Over the last two weeks, leaders from 175 countries gathered in Ottawa, Canada to hash out the details of a global treaty to end plastic pollution which is expected to be finalised in a last round of negotiations set to be held in Korea in November.
The issue is urgent. A new study by the US-funded research and development centre, the Lawrence Berkeley National Laboratory, found that plastics have grown by more than any other bulk material on earth over the past decade, with significant and damaging consequences for human health and the environment.

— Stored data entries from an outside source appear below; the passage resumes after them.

lemma alternating_binomial_sum_Suc:
  fixes g :: "nat \<Rightarrow> 'a::comm_ring_1"
  shows "(\<Sum>j\<le>Suc k. (-1) ^ j * of_nat (Suc k choose j) * g j)
           = (\<Sum>j\<le>k. (-1) ^ j * of_nat (k choose j) * (g j - g (Suc j)))"
proof -
  define h where "h j = (-1) ^ j * of_nat (k choose j) * g j" for j
  have "(\<Sum>j\<le>k. h j) = (\<Sum>j\<le>Suc k. h j)"
    by (simp add: h_def binomial_eq_0)
  also have "\<dots> = g 0 + (\<Sum>j\<le>k. (-1) ^ Suc j * of_nat (k choose Suc j) * g (Suc j))"
    by (subst sum.atMost_Suc_shift) (simp add: h_def del: power_Suc)
  finally have h_shift: "(\<Sum>j\<le>k. h j) = \<dots>" .
  have "(\<Sum>j\<le>Suc k. (-1) ^ j * of_nat (Suc k choose j) * g j)
      = g 0 + (\<Sum>j\<le>k. (-1) ^ Suc j * of_nat (k choose Suc j) * g (Suc j))
            + (\<Sum>j\<le>k. (-1) ^ Suc j * of_nat (k choose j) * g (Suc j))"
    by (subst sum.atMost_Suc_shift) (simp add: sum.distrib distrib_left distrib_right del: power_Suc)
  also have "\<dots> = (\<Sum>j\<le>k. h j) - (\<Sum>j\<le>k. (-1) ^ j * of_nat (k choose j) * g (Suc j))"
    unfolding h_shift by (simp add: sum_negf)
  finally show ?thesis
    by (simp add: h_def right_diff_distrib sum_subtractf)
qed

lemma alternating_binomial_sum_eq_beta_nat:
  "(\<Sum>j\<le>k. (-1) ^ j * real (k choose j) / real (m + j + 1)) = beta_nat k m"
proof (induction k arbitrary: m)
  case 0
  then show ?case by (simp add: beta_nat_def)
next
  case (Suc k)
  have "(\<Sum>j\<le>Suc k. (-1) ^ j * real (Suc k choose j) / real (m + j + 1))
      = (\<Sum>j\<le>k. (-1) ^ j * real (k choose j) * (1 / real (m + j + 1) - 1 / real (Suc m + j + 1)))"
    using alternating_binomial_sum_Suc[of k "\<lambda>j. 1 / real (m + j + 1)"] by simp
  also have "\<dots> = beta_nat k m - beta_nat k (Suc m)"
    by (simp add: Suc.IH[symmetric] algebra_simps sum_subtractf sum_distrib_left)
  finally show ?case
    by (simp add: beta_nat_diff)
qed

section \<open>Power series on the unit interval\<close>

lemma summable_power_series_ratio_bound:
  fixes c r :: "nat \<Rightarrow> real"
  assumes c: "\<And>m. \<bar>c (Suc m)\<bar> \<le> r m * \<bar>c m\<bar>" and r: "r \<longlonglongrightarrow> 1" and x: "\<bar>x\<bar> < 1"
  shows "summable (\<lambda>m. c m * x ^ m)"
proof -
  define q where "q = (1 + \<bar>x\<bar>) / 2"
  have "(\<lambda>m. r m * \<bar>x\<bar>) \<longlonglongrightarrow> 1 * \<bar>x\<bar>"
    by (intro tendsto_mult r tendsto_const)
  moreover have "1 * \<bar>x\<bar> < q"
    using x by (simp add: q_def)
  ultimately have "\<forall>\<^sub>F m in sequentially. r m * \<bar>x\<bar> < q"
    by (rule order_tendstoD(2))
  then obtain N where N: "\<And>m. m \<ge> N \<Longrightarrow> r m * \<bar>x\<bar> < q"
    by (auto simp: eventually_sequentially)
  show ?thesis
  proof (rule summable_ratio_test[of q N])
    show "q < 1"
      using x by (simp add: q_def)
  next
    fix m
    assume "N \<le> m"
    have "\<bar>c (Suc m)\<bar> * \<bar>x\<bar> ^ Suc m \<le> (r m * \<bar>c m\<bar>) * \<bar>x\<bar> ^ Suc m"
      using c by (rule mult_right_mono) simp
    also have "\<dots> = (r m * \<bar>x\<bar>) * (\<bar>c m\<bar> * \<bar>x\<bar> ^ m)"
      by (simp add: ac_simps)
    also have "\<dots> \<le> q * (\<bar>c m\<bar> * \<bar>x\<bar> ^ m)"
      using N[OF \<open>N \<le> m\<close>] by (intro mult_right_mono) auto
    finally show "norm (c (Suc m) * x ^ Suc m) \<le> q * norm (c m * x ^ m)"
      by (simp add: abs_mult power_abs)
  qed
qed

lemma monomial_has_integral_01: "((\<lambda>x::real. x ^ n) has_integral 1 / real (Suc n)) {0..1}"
proof -
  have "((\<lambda>x::real. x ^ n) has_integral (1 ^ Suc n / real (Suc n) - 0 ^ Suc n / real (Suc n))) {0..1}"
  proof (rule fundamental_theorem_of_calculus)
    fix x :: real
    have "((\<lambda>x. x ^ Suc n / real (Suc n)) has_real_derivative x ^ n) (at x within {0..1})"
      by (rule derivative_eq_intros refl | simp)+
    then show "((\<lambda>x. x ^ Suc n / real (Suc n)) has_vector_derivative x ^ n) (at x within {0..1})"
      by (simp add: has_real_derivative_iff_has_vector_derivative)
  qed simp
  then show ?thesis
    by simp
qed

lemma power_series_partial_sum_has_integral:
  fixes c :: "nat \<Rightarrow> real"
  shows "((\<lambda>x. x ^ k * (\<Sum>m<N. c m * x ^ m)) has_integral (\<Sum>m<N. c m / real (m + k + 1))) {0<..<1}"
proof -
  have "((\<lambda>x. \<Sum>m<N. c m * x ^ (m + k)) has_integral (\<Sum>m<N. c m / real (m + k + 1))) {0..1}"
    using has_integral_mult_right[OF monomial_has_integral_01, of "c _" "_ + k"]
    by (intro has_integral_sum finite_lessThan) (simp add: add.assoc)
  moreover have "(\<lambda>x. x ^ k * (\<Sum>m<N. c m * x ^ m)) = (\<lambda>x. \<Sum>m<N. c m * x ^ (m + k))"
    by (simp add: fun_eq_iff sum_distrib_left power_add ac_simps)
  ultimately show ?thesis
    by (simp add: has_integral_Icc_iff_Ioo)
qed
lemma continuous_on_potential: "continuous_on support_interval potential"
proof (rule continuous_at_imp_continuous_on, intro ballI)
  fix y assume y: "y \<in> support_interval"
  obtain e where e: "e > 0" "ball y e \<subseteq> support_interval"
    using open_support_interval y open_contains_ball by blast
  define c d where "c = y - e/2" and "d = y + e/2"
  have cd: "c \<in> support_interval" "d \<in> support_interval"
    using e unfolding c_def d_def by (auto simp: subset_eq dist_real_def)
  have "continuous_on {c..d} (\<lambda>z. potential c + integral {c..z} backward_map)"
    by (intro continuous_intros indefinite_integral_continuous_1 backward_map_integrable_on cd)
  then have "continuous_on {c..d} potential"
  proof (rule continuous_on_cong[THEN iffD1, rotated -1])
    fix z assume z: "z \<in> {c..d}"
    then have "z \<in> support_interval"
      using atLeastAtMost_subset_support_interval[OF cd] by blast
    then show "potential c + integral {c..z} backward_map = potential z"
      using potential_diff[OF cd(1), of z] z by simp
  qed simp
  moreover have "y \<in> interior {c..d}"
    using e unfolding c_def d_def by simp
  ultimately show "isCont potential y"
    using continuous_on_interior by blast
qed
(* Let $(\mathcal{S},\mathcal{R})$ be a complete positive presentation satisfying the following two conditions: (C) $\mathcal{R}$ contains no relation of the form $su=sv$ or $us=vs$ with $s\in\mathcal{S}$, $u,v\in\mathcal{S}^*$ and $u\neq v$; (E$_r$) there exists a set $\mathcal{S}'$ with $\mathcal{S}\subseteq\mathcal{S}'\subseteq\mathcal{S}^*$ such that for all $u,v\in\mathcal{S}'$ there exist $u',v'\in\mathcal{S}'$ satisfying $(uv')^{-1}(vu')\curvearrowright_r\varepsilon$. Then the monoid $\mathrm{Mon}(\mathcal{S};\mathcal{R})$ embeds in a group of fractions.
   Context: A positive presentation is a pair $(\mathcal{S},\mathcal{R})$ where $\mathcal{S}$ is a nonempty set of letters and $\mathcal{R}$ is a family of relations $u=v$, i.e. unordered pairs $\{u,v\}$ of nonempty words in the free monoid $\mathcal{S}^*$ (letters are regarded as length-one words). $\varepsilon$ denotes the empty word; $\equiv$ is the smallest congruence on $\mathcal{S}^*$ containing all pairs of $\mathcal{R}$, and $\mathrm{Mon}(\mathcal{S};\mathcal{R})=\mathcal{S}^*/{\equiv}$. Let $\mathcal{S}^{-1}=\{s^{-1}:s\in\mathcal{S}\}$ be a disjoint copy of $\mathcal{S}$; for $u\in\mathcal{S}^*$, $u^{-1}$ is obtained by reversing the order of the letters of $u$ and replacing each $s$ by $s^{-1}$. Right reversing: $\mathbf{w}\curvearrowright_r\mathbf{w}'$ (words on $\mathcal{S}\cup\mathcal{S}^{-1}$) if $\mathbf{w}'$ is obtained from $\mathbf{w}$ by finitely many steps, each deleting a subword $u^{-1}u$ ($u\in\mathcal{S}^*$ nonempty) or replacing a subword $u^{-1}v$ ($u,v\in\mathcal{S}^*$ nonempty) by $v'u'^{-1}$ where $uv'=vu'$ is a relation of $\mathcal{R}$. Left reversing: $\mathbf{w}\curvearrowright_l\mathbf{w}'$ if $\mathbf{w}'$ is obtained by finitely many steps, each deleting a subword $uu^{-1}$ ($u$ nonempty) or replacing a subword $uv^{-1}$ ($u,v$ nonempty) by $v'^{-1}u'$ where $v'u=u'v$ is a relation of $\mathcal{R}$. $(\mathcal{S},\mathcal{R})$ is $r$-complete if for all $u,v,u',v'\in\mathcal{S}^*$ with $uv'\equiv vu'$ there exist $u'',v'',w\in\mathcal{S}^*$ with $u^{-1}v\curvearrowright_r v''u''^{-1}$, $u'\equiv u''w$, $v'\equiv v''w$; it is $l$-complete if for all $u,v,u',v'$ with $v'u\equiv u'v$ there exist $u'',v'',w$ with $uv^{-1}\curvearrowright_l v''^{-1}u''$, $u'\equiv wu''$, $v'\equiv wv''$; it is complete if it is both. A monoid $M$ embeds in a group of fractions if there is a group $G$ containing (an isomorphic copy of) $M$ as a submonoid such that every element of $G$ has the form $xy^{-1}$ with $x,y\in M$. *)

theory Defs
  imports "HOL-Algebra.Group"
begin

text \<open>Signed letters: (s, True) stands for s,
(s, False) stands for s^{-1}. A family of relations R is a set of pairs (u,v);
a relation u = v is regarded as unordered, i.e. both (u,v) and (v,u) encode it.\<close>

definition pos :: "'a list \<Rightarrow> ('a \<times> bool) list" where
  "pos u = map (\<lambda>s. (s, True)) u"

definition winv :: "'a list \<Rightarrow> ('a \<times> bool) list" where
  "winv u = rev (map (\<lambda>s. (s, False)) u)"

definition is_rel :: "('a list \<times> 'a list) set \<Rightarrow> 'a list \<Rightarrow> 'a list \<Rightarrow> bool" where
  "is_rel R x y \<longleftrightarrow> (x, y) \<in> R \<or> (y, x) \<in> R"

definition positive_presentation :: "'a set \<Rightarrow> ('a list \<times> 'a list) set \<Rightarrow> bool" where
  "positive_presentation S R \<longleftrightarrow> S \<noteq> {} \<and>
     (\<forall>(u, v) \<in> R. u \<in> lists S \<and> v \<in> lists S \<and> u \<noteq> [] \<and> v \<noteq> [])"

definition rstep :: "('a list \<times> 'a list) set \<Rightarrow> 'a list \<Rightarrow> 'a list \<Rightarrow> bool" where
  "rstep R x y \<longleftrightarrow> (\<exists>a b u v. is_rel R u v \<and> x = a @ u @ b \<and> y = a @ v @ b)"

definition pequiv :: "('a list \<times> 'a list) set \<Rightarrow> 'a list \<Rightarrow> 'a list \<Rightarrow> bool" where
  "pequiv R = (rstep R)\<^sup>*\<^sup>*"

definition rrev_step :: "'a set \<Rightarrow> ('a list \<times> 'a list) set \<Rightarrow>
    ('a \<times> bool) list \<Rightarrow> ('a \<times> bool) list \<Rightarrow> bool" where
  "rrev_step S R w w' \<longleftrightarrow>
     (\<exists>w1 w2 u. u \<in> lists S \<and> u \<noteq> [] \<and> w = w1 @ winv u @ pos u @ w2 \<and> w' = w1 @ w2) \<or>
     (\<exists>w1 w2 u v u' v'. u \<in> lists S \<and> v \<in> lists S \<and> u' \<in> lists S \<and> v' \<in> lists S \<and>
        u \<noteq> [] \<and> v \<noteq> [] \<and> is_rel R (u @ v') (v @ u') \<and>
        w = w1 @ winv u @ pos v @ w2 \<and> w' = w1 @ pos v' @ winv u' @ w2)"

definition rrev :: "'a set \<Rightarrow> ('a list \<times> 'a list) set \<Rightarrow>
    ('a \<times> bool) list \<Rightarrow> ('a \<times> bool) list \<Rightarrow> bool" where
  "rrev S R = (rrev_step S R)\<^sup>*\<^sup>*"

definition lrev_step :: "'a set \<Rightarrow> ('a list \<times> 'a list) set \<Rightarrow>
    ('a \<times> bool) list \<Rightarrow> ('a \<times> bool) list \<Rightarrow> bool" where
  "lrev_step S R w w' \<longleftrightarrow>
     (\<exists>w1 w2 u. u \<in> lists S \<and> u \<noteq> [] \<and> w = w1 @ pos u @ winv u @ w2 \<and> w' = w1 @ w2) \<or>
     (\<exists>w1 w2 u v u' v'. u \<in> lists S \<and> v \<in> lists S \<and> u' \<in> lists S \<and> v' \<in> lists S \<and>
        u \<noteq> [] \<and> v \<noteq> [] \<and> is_rel R (v' @ u) (u' @ v) \<and>
        w = w1 @ pos u @ winv v @ w2 \<and> w' = w1 @ winv v' @ pos u' @ w2)"

definition lrev :: "'a set \<Rightarrow> ('a list \<times> 'a list) set \<Rightarrow>
    ('a \<times> bool) list \<Rightarrow> ('a \<times> bool) list \<Rightarrow> bool" where
  "lrev S R = (lrev_step S R)\<^sup>*\<^sup>*"

definition r_complete :: "'a set \<Rightarrow> ('a list \<times> 'a list) set \<Rightarrow> bool" where
  "r_complete S R \<longleftrightarrow>
    (\<forall>u \<in> lists S. \<forall>v \<in> lists S. \<forall>u' \<in> lists S. \<forall>v' \<in> lists S.
       pequiv R (u @ v') (v @ u') \<longrightarrow>
       (\<exists>u'' \<in> lists S. \<exists>v'' \<in> lists S. \<exists>w \<in> lists S.
          rrev S R (winv u @ pos v) (pos v'' @ winv u'') \<and>
          pequiv R u' (u'' @ w) \<and> pequiv R v' (v'' @ w)))"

Carbon pollution created by plastic production is responsible for 2.24 gigatons of CO2 per year, or nearly five percent of all global emissions. Microplastics, some of which shed from synthetic fashion, are entering our bodies through the food we eat and the air we breathe, with dangerous health implications. According to the UN, more than 2,400 chemicals that are associated with plastics are of concern to our health or the planet. And because they do not biodegrade, products like nylon tights and polyester sneakers can remain in landfills for generations. Incinerated plastics release heavy metals and toxins.
According to Ecuador’s chief negotiator, Walter Schuldt, the talks on global plastics treaty are “about the survival of the future of life, not only human life but all sorts of life on this planet.”
Big stakes. And ones in which fashion is complicit.
Plastic Fashion
Plastic, in the form of polyester, acrylic, nylon and elastane, has fused with fashion. Cheap, durable, functional and plentiful polyester is now the world’s most used textile, accounting for more than half of global production. This was not always the case; before 2000, natural fibres dominated the fashion industry.
The most contentious element of the ongoing negotiations over a plastic pollution treaty could help redress that balance. Some “high ambition” countries are pushing for targets to reduce global plastic production, similar to the agreement to keep a cap on global warming reached under the UN Paris Agreement in 2015.
But reduction is not a focus of the fashion industry. Instead, big brands, industry trade groups and NGO-backed consortia that are still dominated by corporate interests are focused on the promise of recycling and reuse, leaning into technologies that have yet to be proven at scale, aren’t cost competitive and fail to tackle the root issue of overproduction.
A recent Lululemon-sponsored report published by trade group Textile Exchange highlighted this view. The report, titled “The Future of Synthetics” said that the industry must shift away from the use of virgin fossil fuel-based plastics to meet its climate goals, recommending a switch instead to alternatives that include textile-to-textile recycling, biosynthetics and materials made from captured carbon.
Unfortunately, these steps won’t come anywhere close to delivering on Textile Exchange’s stated ambitions.
Why not?
None of these emerging technologies can compete with virgin polyester on price, efficacy or volume. All preferred solutions require decades and billions of dollars of investment to scale — capital which will not flow to financially bootless options. It’s also not yet proven which, if any of these options will meaningfully reduce the industry’s carbon emissions, or curb the toxic levels of chemicals and microplastics released by today’s plastic fashion.
While the first step of Textile Exchange’s plan to reduce the fashion industry’s growing dependence on plastics is fanciful, the report proposes a second step: to reduce the overall volume of stuff produced and sold.
Adoption of this recommendation would have a profound and immediate impact. Unfortunately, the report does not make any suggestions for how to accomplish this dramatic turn.
Just as other big fossil-fuel producing countries are pushing back against any proposal to cap global plastic production, the fashion industry is unwilling to entertain ideas that would restrain growth. After all, for brands like report sponsor Lululemon, their valuation depends on growing output.
But, if caps on fashion sales are inconceivable, a sufficiently high tax on plastic inputs would represent a step in the right direction. Such a measure would discourage the use of plastics by increasing their cost and make less damaging natural alternatives more attractive. It would simultaneously create a pool of funds to address the negative environmental and health impacts caused by plastic pollution.
Consider, for example, that taxes on cigarettes have caused prices to balloon and consumption to plummet.
For those who nonetheless insist that such a proposal is fantasy, look to France, which is already considering a sin-style tax on fashion. Rather than recommend dubious “solutions,” the fashion industry ought to support credible paths to reduce its negative impacts, thus restoring its standing as a creative and constructive force for good.